> Exercise instructions: Would you transcribe exactly the lines below, starting at the one that contains "unfolding outer_dart_def by auto" and ending with the last line, both included? Leave out all other lines.

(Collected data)

text \<open>An external vertex has its two cycle neighbours, hence at least two darts.\<close>

lemma sigma_neq_at_Ext:
  assumes x: "x \<in> D" and "vert x \<in> Ext"
  shows "\<sigma> x \<noteq> x"
proof
  assume "\<sigma> x = x"
  then have "(\<sigma> ^^ m) x = x" for m by (induction m) simp_all
  then have single: "y = x" if "y \<in> D" "vert y = vert x" for y
    using sigma_transitive[OF x that(1) that(2)[symmetric]] by metis
  obtain y where y: "y \<in> D" "vert y = vert x" "vert (\<alpha> y) = cycle_next (vert x)"
    using adj_cycle_next[OF assms(2)] unfolding adj_def by blast
  obtain z where z: "z \<in> D" "vert z = vert x" "vert (\<alpha> z) = cycle_prev (vert x)"
    using adj_cycle_prev[OF assms(2)] unfolding adj_def by blast
  show False using single[OF y(1,2)] single[OF z(1,2)] y(3) z(3) cycle_next_neq_prev[OF assms(2)] by simp
qed

definition first_outer_dart :: 'd where
  "first_outer_dart = (SOME d. outer_dart d)"

lemma outer_dart_first_outer_dart: "outer_dart first_outer_dart"
proof -
  have "\<exists>d. outer_dart d" using out_in_Faces unfolding faces_def outer_dart_def by auto
  then show ?thesis unfolding first_outer_dart_def by (rule someI_ex)
qed

text \<open>The boundary walk of the outer face runs around the outer cycle in one direction,
  the one taken by its first step.\<close>

definition walk_next :: "'v \<Rightarrow> 'v" where
  "walk_next = (if vert (\<alpha> first_outer_dart) = cycle_next (vert first_outer_dart) then cycle_next else cycle_prev)"

definition walk_prev :: "'v \<Rightarrow> 'v" where
  "walk_prev = (if vert (\<alpha> first_outer_dart) = cycle_next (vert first_outer_dart) then cycle_prev else cycle_next)"

lemma walk_next_cases:
  "(walk_next = cycle_next \<and> walk_prev = cycle_prev) \<or> (walk_next = cycle_prev \<and> walk_prev = cycle_next)"
  unfolding walk_next_def walk_prev_def by simp

lemma walk_prev_next: "v \<in> Ext \<Longrightarrow> walk_prev (walk_next v) = v"
  and walk_next_neq_prev: "v \<in> Ext \<Longrightarrow> walk_next v \<noteq> walk_prev v"
  using walk_next_cases cycle_next_prev cycle_prev_next cycle_next_neq_prev by (metis (full_types))+

lemma walk_next_in_Ext: "v \<in> Ext \<Longrightarrow> walk_next v \<in> Ext"
  unfolding walk_next_def using cycle_next_in_Ext cycle_prev_in_Ext by simp

lemma inj_on_walk_next: "inj_on walk_next Ext"
  by (rule inj_on_inverseI[where g = walk_prev]) (rule walk_prev_next)

lemma vert_alpha_outer_dart_step:
  assumes d: "outer_dart d" and walk: "vert (\<alpha> d) = walk_next (vert d)"
  shows "vert (\<alpha> (\<sigma> (\<alpha> d))) = walk_next (vert (\<sigma> (\<alpha> d)))"
proof (rule ccontr)
  let ?e = "\<sigma> (\<alpha> d)"
  have dD: "d \<in> D" using d unfolding outer_dart_def by simp
  have ve: "vert ?e = vert (\<alpha> d)" using dD by (simp add: vert_sigma alpha_in_D)
  have ad: "vert (\<alpha> d) \<in> Ext" using outer_dart_vert_alpha_Ext[OF d] .
  assume "vert (\<alpha> ?e) \<noteq> walk_next (vert ?e)"
  then have "vert (\<alpha> ?e) = walk_prev (vert (\<alpha> d))"
    using outer_dart_adj[OF outer_dart_face_step[OF d]] walk_next_cases ve by auto
  also have "\<dots> = vert (\<alpha> (\<alpha> d))"
    using walk walk_prev_next[OF outer_dart_vert_Ext[OF d]] by simp
  finally have "?e = \<alpha> d"
    using no_parallel_edges[OF sigma_in_D[OF alpha_in_D[OF dD]] alpha_in_D[OF dD]] ve by simp
  then show False using sigma_neq_at_Ext[OF alpha_in_D[OF dD] ad] by simp
qed

lemma vert_alpha_outer_dart: "outer_dart d \<Longrightarrow> vert (\<alpha> d) = walk_next (vert d)"
proof -
  let ?d0 = first_outer_dart
  assume d: "outer_dart d"
  then have "d \<in> face ?d0"
    using outer_dart_first_outer_dart in_face[of d] unfolding outer_dart_def by simp
  then obtain k where k: "d = ((\<sigma> \<circ> \<alpha>) ^^ k) ?d0" unfolding face_of_def orb_def by blast
  have "outer_dart (((\<sigma> \<circ> \<alpha>) ^^ k) ?d0) \<and>
      vert (\<alpha> (((\<sigma> \<circ> \<alpha>) ^^ k) ?d0)) = walk_next (vert (((\<sigma> \<circ> \<alpha>) ^^ k) ?d0))"
  proof (induction k)
    case 0
    show ?case
      using outer_dart_first_outer_dart outer_dart_adj[OF outer_dart_first_outer_dart]
      unfolding walk_next_def by auto
  next
    case (Suc k)
    then show ?case using outer_dart_face_step vert_alpha_outer_dart_step by simp
  qed
  then show ?thesis using k by simp
qed

lemma outer_dart_alpha: "outer_dart d \<Longrightarrow> \<not> outer_dart (\<alpha> d)"
proof
  assume d: "outer_dart d" and ad: "outer_dart (\<alpha> d)"
  have v: "vert d \<in> Ext" using outer_dart_vert_Ext[OF d] .
  have "vert d = walk_next (walk_next (vert d))"
    using vert_alpha_outer_dart[OF ad] vert_alpha_outer_dart[OF d] by simp
  then have "walk_prev (vert d) = walk_next (vert d)"
    using walk_prev_next[OF walk_next_in_Ext[OF v]] by simp
  then show False using walk_next_neq_prev[OF v] by simp
qed

lemma outer_dart_unique: "outer_dart d \<Longrightarrow> outer_dart d' \<Longrightarrow> vert d = vert d' \<Longrightarrow> d = d'"
  using vert_alpha_outer_dart no_parallel_edges unfolding outer_dart_def by metis

abbreviation inner_faces :: "'d set set" where
  "inner_faces \<equiv> Faces - {out}"

definition outer_edges :: "'d set set" where
  "outer_edges = {{d, \<alpha> d} | d. outer_dart d}"

lemma outer_edges_subset: "outer_edges \<subseteq> edges"
  unfolding outer_edges_def edges_def outer_dart_def by blast

lemma edge_in_outer_edges_iff: "{d, \<alpha> d} \<in> outer_edges \<longleftrightarrow> outer_dart d \<or> outer_dart (\<alpha> d)"
proof
  assume "{d, \<alpha> d} \<in> outer_edges"
  then obtain x where "outer_dart x" "{x, \<alpha> x} = {d, \<alpha> d}" unfolding outer_edges_def by blast
  then show "outer_dart d \<or> outer_dart (\<alpha> d)" unfolding edge_eq_iff by auto
next
  assume "outer_dart d \<or> outer_dart (\<alpha> d)"
  then show "{d, \<alpha> d} \<in> outer_edges"
    unfolding outer_edges_def by (metis (mono_tags, lifting) alpha_alpha edge_alpha mem_Collect_eq)
qed

lemma coboundary_out: "coboundary {out} = outer_edges"
proof (intro set_eqI iffI)
  fix e assume e: "e \<in> coboundary {out}"
  then obtain d where d: "d \<in> D" "e = {d, \<alpha> d}" using coboundary_subset by (blast elim: edgesE)
  then have "(face d = out) \<noteq> (face (\<alpha> d) = out)" using coboundary_edge e by simp
  then show "e \<in> outer_edges"
    using d edge_in_outer_edges_iff alpha_in_D unfolding outer_dart_def by blast
next
  fix e assume "e \<in> outer_edges"
  then obtain d where d: "outer_dart d" "e = {d, \<alpha> d}" unfolding outer_edges_def by blast
  then have "face (\<alpha> d) \<noteq> out" using outer_dart_alpha[OF d(1)] alpha_in_D unfolding outer_dart_def by auto
  then show "e \<in> coboundary {out}" using coboundary_edge d unfolding outer_dart_def by simp
qed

> Solution for this problem:
  then have "face (\<alpha> d) \<noteq> out" using outer_dart_alpha[OF d(1)] alpha_in_D unfolding outer_dart_def by auto
  then show "e \<in> coboundary {out}" using coboundary_edge d unfolding outer_dart_def by simp
qed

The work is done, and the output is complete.